(Stored data entries)
lemma fin_supp_eb: "fin_supp (eb F)"
  using eb_dual by blast

lemma pairH_eb: "pairH (eb F) G = (if G = F then 1 else 0)"
  using eb_dual by blast

section \<open>The pairing is a Hopf pairing\<close>

lemma if_zero_mult: "(if P then (x::'a::mult_zero) else 0) * y = (if P then x * y else 0)" by simp
lemma mult_if_zero: "y * (if P then (x::'a::mult_zero) else 0) = (if P then y * x else 0)" by simp

lemmas sum_list_distrib = sum_list_const_mult[symmetric] sum_list_mult_const[symmetric]

lemma pair_append_left: "pair (A@B) G = (\<Sum>(u,v)\<leftarrow>deltaList G. pair A u * pair B v)"
proof (induction A arbitrary: G)
  case Nil
  show ?case using sum_deltaList_left_Nil[of "\<lambda>v. pair B v" G]
    by (simp add: pair_Nil split_def if_zero_mult cong: if_cong)
next
  case (Cons t A)
  obtain d ts where t: "t = Node d ts" by (cases t)
  have "pair (t#A@B) G = (\<Sum>(u,v)\<leftarrow>deltaList G. \<Sum>(x,y)\<leftarrow>deltaList v. pair_gamma d ts u * pair A x * pair B y)"
    by (simp add: t pair_Cons Cons.IH split_def sum_list_distrib mult.assoc)
  also have "\<dots> = (\<Sum>(u,v)\<leftarrow>deltaList G. \<Sum>(x,y)\<leftarrow>deltaList u. pair_gamma d ts x * pair A y * pair B v)"
    by (rule deltaList_coassoc[symmetric])
  also have "\<dots> = (\<Sum>(u,v)\<leftarrow>deltaList G. pair (t#A) u * pair B v)"
    by (simp add: t pair_Cons split_def sum_list_distrib)
  finally show ?case by simp
qed

text \<open>Dually to the Leibniz rule for B_d^+, gamma_d is a twisted derivation for concatenation.\<close>

lemma pair_gamma_append:
  assumes "\<And>G1 G2. pair ts (G1@G2) = (\<Sum>(a,b)\<leftarrow>deltaList ts. pair a G1 * pair b G2)"
  shows "pair_gamma d ts (u1@u2)
    = (if u2 = [] then pair_gamma d ts u1 else 0) + (\<Sum>(x,y)\<leftarrow>deltaList ts. pair x u1 * pair_gamma d y u2)"
  by (simp add: pair_gamma_def butlast_append assms split_def sum_list_distrib mult_if_zero)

### Work to complete:
The count alone is wanted: how many lines above hold the string "close"?

### Solved exercise:
2